Segment是个逻辑概念,为了防止log文件过大, 将log分成许多的LogSegments
Segment又分为两部分,MessageSet文件和Index文件,分别命名为[base_offset].log和[base_offset].index
base_offset就是该Segment的起始offset,比前一个segment里面的offset都要大

Segment提供对于MessageSet的读写接口
写,需要间隔的更新index文件,应该为了尽量减小index的size,所以只是当写入数据大于indexIntervalBytes时,才增加一条索引
读,由于user传入的是逻辑offest,需要先转化为物理地址才能从文件中读到数据,如何转化参考下面

同时index文件是可以根据MessageSet文件重新rebuild的

/**
* A segment of the log. Each segment has two components: a log and an index. The log is a FileMessageSet containing
* the actual messages. The index is an OffsetIndex that maps from logical offsets to physical file positions.
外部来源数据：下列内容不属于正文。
lemma sum_indicator_cell_times_cell_le_1:
  assumes "r \<ge> 1"
  shows "(\<Sum>i\<in>cell_indices r. \<Sum>j\<in>cell_indices r. indicator (cell a L r i \<times> cell a L r j) z :: ennreal) \<le> 1"
proof -
  have "(\<Sum>i\<in>cell_indices r. \<Sum>j\<in>cell_indices r. indicator (cell a L r i \<times> cell a L r j) z :: ennreal)
      = (\<Sum>i\<in>cell_indices r. indicator (cell a L r i) (fst z)) * (\<Sum>j\<in>cell_indices r. indicator (cell a L r j) (snd z))"
    by (simp add: sum_product indicator_times split_beta)
  also have "\<dots> = indicator (hcube a L) (fst z) * indicator (hcube a L) (snd z)"
    by (simp add: sum_indicator_cell[OF assms])
  also have "\<dots> \<le> 1" by (simp add: indicator_def)
  finally show ?thesis .
qed

lemma lp_cost_coupling_plan_le:
  fixes a :: "real^'n::finite"
  assumes L: "L > 0" and r: "r \<ge> 1" and \<gamma>: "\<gamma> \<in> couplings (hcube a L) \<phi>D \<phi>P"
    and dD: "is_density_on (hcube a L) \<phi>D"
  shows "ennreal (lp_cost a L r (coupling_plan \<gamma> a L r))
           \<le> (\<integral>\<^sup>+z. ennreal (norm (snd z - fst z)) \<partial>\<gamma>)
             + ennreal (2 * (L * sqrt (real CARD('n)) / real r))"
proof -
  let ?K = "cell_indices r :: 'n cidx set" and ?C = "cell a L r"
  let ?D = "L * sqrt (real CARD('n)) / real r"
  let ?f = "\<lambda>z. ennreal (norm (snd z - fst z)) + ennreal (2 * ?D)"
  interpret prob_space \<gamma> by (rule prob_space_coupling[OF \<gamma> dD hcube_in_sets_lborel])
  have [measurable_cong]: "sets \<gamma> = sets (lborel \<Otimes>\<^sub>M lborel)" by (rule sets_coupling[OF \<gamma>])
  have c0: "cell_cost a L r i j \<ge> 0" for i j using cell_cost_nonneg[OF L r] .
  have block: "ennreal (cell_cost a L r i j) * indicator (?C i \<times> ?C j) z
      \<le> ?f z * indicator (?C i \<times> ?C j) z" for i j z
  proof (cases "z \<in> ?C i \<times> ?C j")
    case True
    then obtain y x where z: "z = (y, x)" "y \<in> ccell a L r i" "x \<in> ccell a L r j"
      using cell_subset_ccell[OF L r] by (cases z) blast
    have "cell_cost a L r i j \<le> norm (x - y) + 2 * ?D"
      by (rule cell_cost_bounds(2)[OF z(3,2)])
    hence "ennreal (cell_cost a L r i j) \<le> ennreal (norm (x - y) + 2 * ?D)"
      by (rule ennreal_leI)
    also have "\<dots> = ?f z"
      using z(1) L by simp
    finally show ?thesis using True by simp
  qed simp
  have "ennreal (lp_cost a L r (coupling_plan \<gamma> a L r))
      = (\<Sum>i\<in>?K. \<Sum>j\<in>?K. ennreal (cell_cost a L r i j) * emeasure \<gamma> (?C i \<times> ?C j))"
    unfolding lp_cost_def coupling_plan_def
    using c0 by (simp add: ennreal_sum_sum ennreal_mult emeasure_eq_measure mult.commute)
  also have "\<dots> = (\<Sum>i\<in>?K. \<Sum>j\<in>?K. \<integral>\<^sup>+z. ennreal (cell_cost a L r i j) * indicator (?C i \<times> ?C j) z \<partial>\<gamma>)"
    by (simp add: nn_integral_cmult_indicator)
  also have "\<dots> \<le> (\<Sum>i\<in>?K. \<Sum>j\<in>?K. \<integral>\<^sup>+z. ?f z * indicator (?C i \<times> ?C j) z \<partial>\<gamma>)"
    by (intro sum_mono nn_integral_mono block)
  also have "\<dots> = (\<integral>\<^sup>+z. ?f z * (\<Sum>i\<in>?K. \<Sum>j\<in>?K. indicator (?C i \<times> ?C j) z) \<partial>\<gamma>)"
    by (simp add: nn_integral_sum sum_distrib_left)
  also have "\<dots> \<le> (\<integral>\<^sup>+z. ?f z \<partial>\<gamma>)"
    by (intro nn_integral_mono order_trans[OF mult_left_mono[OF sum_indicator_cell_times_cell_le_1[OF r] zero_le]])
       simp
  also have "\<dots> = (\<integral>\<^sup>+z. ennreal (norm (snd z - fst z)) \<partial>\<gamma>) + ennreal (2 * ?D)"
    by (simp add: nn_integral_add emeasure_space_1)
  finally show ?thesis .
qed

lemma lp_cost_le_wasserstein:
  fixes a :: "real^'n::finite"
  assumes L: "L > 0" and r: "r \<ge> 1"
    and dP: "is_density_on (hcube a L) \<phi>P" and dD: "is_density_on (hcube a L) \<phi>D"
    and opt: "lp_optimal a L r \<phi>P \<phi>D \<alpha>"
  shows "ennreal (lp_cost a L r \<alpha>)
           \<le> wasserstein (hcube a L) \<phi>D \<phi>P + ennreal (2 * L * sqrt (real CARD('n)) / real r)"
proof -
  let ?c = "ennreal (2 * L * sqrt (real CARD('n)) / real r)"
  have "ennreal (lp_cost a L r \<alpha>) - ?c \<le> wasserstein (hcube a L) \<phi>D \<phi>P"
    unfolding wasserstein_def
  proof (rule INF_greatest)
    fix \<gamma> assume \<gamma>: "\<gamma> \<in> couplings (hcube a L) \<phi>D \<phi>P"
    have "lp_cost a L r \<alpha> \<le> lp_cost a L r (coupling_plan \<gamma> a L r)"
      using opt lp_feasible_coupling_plan[OF r \<gamma> dP dD] unfolding lp_optimal_def by blast
    hence "ennreal (lp_cost a L r \<alpha>) \<le> ennreal (lp_cost a L r (coupling_plan \<gamma> a L r))"
      by (rule ennreal_leI)
    also have "\<dots> \<le> (\<integral>\<^sup>+z. ennreal (norm (snd z - fst z)) \<partial>\<gamma>) + ?c"
      using lp_cost_coupling_plan_le[OF L r \<gamma> dD] by (simp add: mult.assoc)
    finally show "ennreal (lp_cost a L r \<alpha>) - ?c \<le> (\<integral>\<^sup>+z. ennreal (norm (snd z - fst z)) \<partial>\<gamma>)"
      by (simp add: ennreal_minus_le_iff add.commute)
  qed
  thus ?thesis by (simp add: ennreal_minus_le_iff add.commute)
qed

theorem lemma8:
  fixes a :: "real^'n" and L :: real and r :: nat
    and \<phi>P \<phi>D :: "real^'n \<Rightarrow> real"
    and \<alpha> :: "'n cidx \<Rightarrow> 'n cidx \<Rightarrow> real"
  assumes "L > 0" and "r \<ge> 1"
    and "is_density_on (hcube a L) \<phi>P"
    and "is_density_on (hcube a L) \<phi>D"
    and "lp_optimal a L r \<phi>P \<phi>D \<alpha>"
  shows "shadow_expected_dist a L r \<phi>P \<phi>D \<alpha>
           \<le> wasserstein (hcube a L) \<phi>D \<phi>P
             + ennreal (2 * L * sqrt (real CARD('n)) / real r)"
proof -
  have "\<And>i j. i \<in> cell_indices r \<Longrightarrow> j \<in> cell_indices r \<Longrightarrow> \<alpha> i j \<ge> 0"
    using assms(5) unfolding lp_optimal_def lp_feasible_def by blast
  hence "shadow_expected_dist a L r \<phi>P \<phi>D \<alpha> \<le> ennreal (lp_cost a L r \<alpha>)"
    using shadow_expected_dist_le_lp_cost[OF assms(1-4)] by blast
  also have "\<dots> \<le> wasserstein (hcube a L) \<phi>D \<phi>P + ennreal (2 * L * sqrt (real CARD('n)) / real r)"
    by (rule lp_cost_le_wasserstein[OF assms])
  finally show ?thesis .
qed

end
Each
* segment has a base offset which is an offset <= the least offset of any message in this segment and > any offset in
* any previous segment.
*
* A segment with a base offset of [base_offset] would be stored in two files, a [base_offset].index and a [base_offset].log file.
*
* @param log The message set containing log entries
* @param index The offset index
* @param baseOffset A lower bound on the offsets in this segment
* @param indexIntervalBytes The approximate number of bytes between entries in the index
* @param time The time instance
*/
@nonthreadsafe
class LogSegment(val log: FileMessageSet,
val index: OffsetIndex,
val baseOffset: Long,
val indexIntervalBytes: Int,
time: Time) extends Logging {
/**
* Append the given messages starting with the given offset. Add
* an entry to the index if needed.
*
* It is assumed this method is being called from within a lock.
*
* @param offset The first offset in the message set.
* @param messages The messages to append.
*/
@nonthreadsafe
def append(offset: Long, messages: ByteBufferMessageSet) {
if (messages.sizeInBytes > 0) {
// append an entry to the index (if needed)
if(bytesSinceLastIndexEntry > indexIntervalBytes) { //仅index部分message
index.append(offset, log.sizeInBytes()) //写index文件
this.bytesSinceLastIndexEntry = 0
}
// append the messages
log.append(messages) //写messageset文件
this.bytesSinceLastIndexEntry += messages.sizeInBytes
}
} /**
* Read a message set from this segment beginning with the first offset >= startOffset. The message set will include
* no more than maxSize bytes and will end before maxOffset if a maxOffset is specified.
*
* @param startOffset A lower bound on the first offset to include in the message set we read
* @param maxSize The maximum number of bytes to include in the message set we read
* @param maxOffset An optional maximum offset for the message set we read
*
* @return The message set read or null if the startOffset is larger than the largest offset in this log.
*/
@threadsafe
def read(startOffset: Long, maxOffset: Option[Long], maxSize: Int): MessageSet = {
val logSize = log.sizeInBytes // this may change, need to save a consistent copy
val startPosition = translateOffset(startOffset) // calculate the length of the message set to read based on whether or not they gave us a maxOffset
val length =
maxOffset match {
case None =>
// no max offset, just use the max size they gave unmolested
maxSize
case Some(offset) => {
// there is a max offset, translate it to a file position and use that to calculate the max read size
if(offset < startOffset)
throw new IllegalArgumentException("Attempt to read with a maximum offset (%d) less than the start offset (%d).".format(offset, startOffset))
val mapping = translateOffset(offset, startPosition.position)
val endPosition =
if(mapping == null)
logSize // the max offset is off the end of the log, use the end of the file
else
mapping.position
min(endPosition - startPosition.position, maxSize)
}
}
log.read(startPosition.position, length) //读出messageset
} /**
* Run recovery on the given segment. This will rebuild the index from the log file and lop off any invalid bytes from the end of the log and index.
*
* @param maxMessageSize A bound the memory allocation in the case of a corrupt message size--we will assume any message larger than this
* is corrupt.
*
* @return The number of bytes truncated from the log
*/
@nonthreadsafe
def recover(maxMessageSize: Int): Int = {...}
}

FileMessageSet

Segment中实际存放log message的文件,通过FileChannel可以读写文件

   1: /**

   2:  * An on-disk message set. An optional start and end position can be applied to the message set

   3:  * which will allow slicing a subset of the file.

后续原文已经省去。